Again, the size parameter comes into play.

In [None]:
Zeros = torch.zeros(size=(3,4))
Zeros

tensor([[0., 0., 0., 0.],
        [0., 0., 0., 0.],
        [0., 0., 0., 0.]])

In [None]:
ones = torch.ones(size=(3,4))
ones

tensor([[1., 1., 1., 1.],
        [1., 1., 1., 1.],
        [1., 1., 1., 1.]])

In [None]:
ones.dtype
#default data type, when you create a pytorth data, it starts off as float32.

torch.float32

### Creating a range and tensors like

Sometimes you might want a range of numbers, such as 1 to 10 or 0 to 100.

You can use torch.arange(start, end, step) to do so.

Where:

start = start of range (e.g. 0)

end = end of range (e.g. 10)

step = how many steps in between each value (e.g. 1)

In [None]:
onetoten_step2 = torch.arange(0,10,2)

Sometimes you might want one tensor of a certain type with the same shape as another tensor.

For example, a tensor of all zeros with the same shape as a previous tensor.

In [None]:
onetoten_zerolike = torch.zeros_like(input=onetoten_step2)
print(onetoten_zerolike)

onetoten_onelike = torch.ones_like(input=onetoten_step2)
onetoten_onelike

tensor([0, 0, 0, 0, 0])


tensor([1, 1, 1, 1, 1])

### Tensor DataType

There are many different tensor datatypes available in PyTorch.

Some are specific for CPU and some are better for GPU.

Getting to know which one can take some time.

Generally if you see torch.cuda anywhere, the tensor is being used for GPU (since Nvidia GPUs use a computing toolkit called CUDA).

The most common type (and generally the default) is torch.float32 or torch.float.

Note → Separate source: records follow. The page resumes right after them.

definition off_axis_moments :: "'a::finite \<Rightarrow> 'a list \<Rightarrow> real" where
  "off_axis_moments a I = (\<Prod>j\<in>UNIV - {a}. gauss_moment (count (mset I) j))"

text \<open>The value of \<open>radial_coeff (axial a \<rho>) I n\<close> up to the factor \<open>off_axis_moments a I\<close>, for
  \<open>c\<close> occurrences of \<open>a\<close> in \<open>I\<close> and \<open>length I = d\<close>: of the \<open>c\<close> factors \<open>\<partial>\<^sub>a\<close>, \<open>t = 2 n - d\<close> hit
  \<open>\<rho>\<close> and the remaining ones are paired up.\<close>
definition axial_coeff :: "real \<Rightarrow> nat \<Rightarrow> nat \<Rightarrow> nat \<Rightarrow> real" where
  "axial_coeff \<rho> c d n =
     (if d \<le> 2 * n then real (c choose (2 * n - d)) * gauss_moment (c - (2 * n - d)) * \<rho> ^ (2 * n - d)
      else 0)"

lemma choose_mult_gauss_moment_Suc:
  "real (Suc c choose Suc t) * gauss_moment (c - t)
   = real (c choose t) * gauss_moment (c - t) + real c * (real ((c - 1) choose Suc t) * gauss_moment (c - 1 - Suc t))"
proof (cases "t < c")
  case True
  then have "c - t = Suc (c - Suc t)"
    by simp
  then have "real (c choose Suc t) * gauss_moment (c - t)
      = real ((c - Suc t) * (c choose Suc t)) * gauss_moment (c - 1 - Suc t)"
    by (simp add: gauss_moment_Suc)
  also have "\<dots> = real c * (real ((c - 1) choose Suc t) * gauss_moment (c - 1 - Suc t))"
    by (simp only: binomial_absorb_comp) simp
  finally show ?thesis
    by (simp add: algebra_simps)
qed (simp add: binomial_eq_0)

lemma axial_coeff_Suc:
  assumes "c \<le> d"
  shows "axial_coeff \<rho> (Suc c) (Suc d) (Suc m)
       = \<rho> * axial_coeff \<rho> c d m + real c * axial_coeff \<rho> (c - 1) (d - 1) m"
proof -
  consider "d \<le> 2 * m" | "d = Suc (2 * m)" | "d > Suc (2 * m)"
    by linarith
  then show ?thesis
  proof cases
    case 1
    then obtain t where t: "2 * m = d + t"
      using le_Suc_ex by blast
    have "axial_coeff \<rho> (Suc c) (Suc d) (Suc m) = real (Suc c choose Suc t) * gauss_moment (c - t) * \<rho> ^ Suc t"
      using t by (simp add: axial_coeff_def)
    moreover have "axial_coeff \<rho> c d m = real (c choose t) * gauss_moment (c - t) * \<rho> ^ t"
      using t by (simp add: axial_coeff_def)
    moreover have "real c * axial_coeff \<rho> (c - 1) (d - 1) m
        = real c * (real ((c - 1) choose Suc t) * gauss_moment (c - 1 - Suc t) * \<rho> ^ Suc t)"
      using t assms by (cases c) (auto simp: axial_coeff_def)
    ultimately show ?thesis
      by (simp only: choose_mult_gauss_moment_Suc) (simp add: algebra_simps)
  next
    case 2
    then show ?thesis
      by (simp add: axial_coeff_def gauss_moment_Suc)
  qed (auto simp: axial_coeff_def)
qed

lemma axial_coeff_add2: "axial_coeff \<rho> c (d + 2) (Suc m) = axial_coeff \<rho> c d m"
  by (simp add: axial_coeff_def)

lemma off_axis_moments_Cons_axis: "off_axis_moments a (a # J) = off_axis_moments a J"
  unfolding off_axis_moments_def by (intro prod.cong) auto

lemma off_axis_moments_remove1_axis: "off_axis_moments a (remove1 a J) = off_axis_moments a J"
  unfolding off_axis_moments_def by (intro prod.cong) (auto simp: mset_remove1)

lemma off_axis_moments_Cons:
  fixes a :: "'a::finite"
  assumes "i \<noteq> a"
  shows "off_axis_moments a (i # J) = real (count (mset J) i) * off_axis_moments a (remove1 i J)"
proof -
  have i: "i \<in> UNIV - {a}"
    using assms by simp
  have "off_axis_moments a (i # J) = gauss_moment (Suc (count (mset J) i))
      * (\<Prod>j\<in>UNIV - {a} - {i}. gauss_moment (count (mset (remove1 i J)) j))"
    unfolding off_axis_moments_def prod.remove[OF finite i]
    by (intro arg_cong2[where f = "(*)"] prod.cong) (auto simp: mset_remove1)
  also have "\<dots> = real (count (mset J) i) * off_axis_moments a (remove1 i J)"
    unfolding off_axis_moments_def prod.remove[OF finite i]
    by (simp add: gauss_moment_Suc mset_remove1)
  finally show ?thesis .
qed

lemma radial_coeff_axial:
  fixes a :: "'a::finite"
  shows "radial_coeff (axial a \<rho>) I n = off_axis_moments a I * axial_coeff \<rho> (count (mset I) a) (length I) n"
proof (induction "length I" arbitrary: I n rule: less_induct)
  case less
  show ?case
  proof (cases I)
    case Nil
    then show ?thesis
      by (simp add: off_axis_moments_def axial_coeff_def)
  next
    case (Cons i J)
    show ?thesis
    proof (cases n)
      case 0
      with Cons show ?thesis
        by (simp add: axial_coeff_def)
    next
      case (Suc m)
      show ?thesis
      proof (cases "i = a")
        case True
        define c where "c = count (mset J) a"
        have IH: "radial_coeff (axial a \<rho>) J m = off_axis_moments a J * axial_coeff \<rho> c (length J) m"
          using less.hyps Cons c_def by simp
        have IH_remove1: "real c * radial_coeff (axial a \<rho>) (remove1 a J) m
            = real c * (off_axis_moments a J * axial_coeff \<rho> (c - 1) (length J - 1) m)"
        proof (cases "a \<in> set J")
          case True
          then show ?thesis
            using less.hyps[of "remove1 a J" m] Cons
            by (simp add: c_def length_remove1 mset_remove1 off_axis_moments_remove1_axis)
        qed (simp add: c_def)
        have "c \<le> length J"
          by (simp add: c_def count_mset count_le_length)
        then show ?thesis
          using Cons True Suc IH IH_remove1
          by (simp add: axial_def off_axis_moments_Cons_axis axial_coeff_Suc c_def[symmetric] algebra_simps)
      next
        case False
        show ?thesis
        proof (cases "i \<in> set J")
          case True
          have "radial_coeff (axial a \<rho>) (remove1 i J) m
              = off_axis_moments a (remove1 i J) * axial_coeff \<rho> (count (mset J) a) (length J - 1) m"
            using less.hyps[of "remove1 i J" m] Cons False True by (simp add: length_remove1 mset_remove1)
          moreover have "Suc (length J) = (length J - 1) + 2"
            using True by (cases J) auto
          ultimately show ?thesis
            using Cons False Suc axial_coeff_add2[of \<rho> "count (mset J) a" "length J - 1" m]
            by (simp add: axial_def off_axis_moments_Cons)
        qed (use Cons False Suc in \<open>simp add: axial_def off_axis_moments_Cons\<close>)
      qed
    qed
  qed
qed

This is referred to as "32-bit floating point".

But there's also 16-bit floating point (torch.float16 or torch.half) and 64-bit floating point (torch.float64 or torch.double).

And to confuse things even more there's also 8-bit, 16-bit, 32-bit and 64-bit integers.

Note: An integer is a flat round number like 7 whereas a float has a decimal 7.0.

In [None]:
#Float 32 Tensor = a number contains 32 bits in memory
#Defalut data type is float 32
float_32_tensor = torch.tensor([3.0, 6.0, 9.0],
                               dtype=None, # defaults to None, which is torch.float32 or whatever datatype is passed
                               device=None, # defaults to None, which uses the default tensor type "cpu" or "cuda"
                               requires_grad=False) # if True, operations perfromed on the tensor are recorded. (pytorch will track the gradient)

float_32_tensor.dtype

#Float 16
float_16_tensor = torch.tensor([3.0, 6.0, 9.0],
                               dtype=torch.float16) # torch.half would also work

float_16_tensor.dtype


torch.float16

or example, one of tensors is torch.float32 and the other is torch.float16 (PyTorch often likes tensors to be the same format).

Or one of your tensors is on the CPU and the other is on the GPU (PyTorch likes calculations between tensors to be on the same device).


### Getting information from tensors

Once you've created tensors (or someone else or a PyTorch module has created them for you), you might want to get some information from them.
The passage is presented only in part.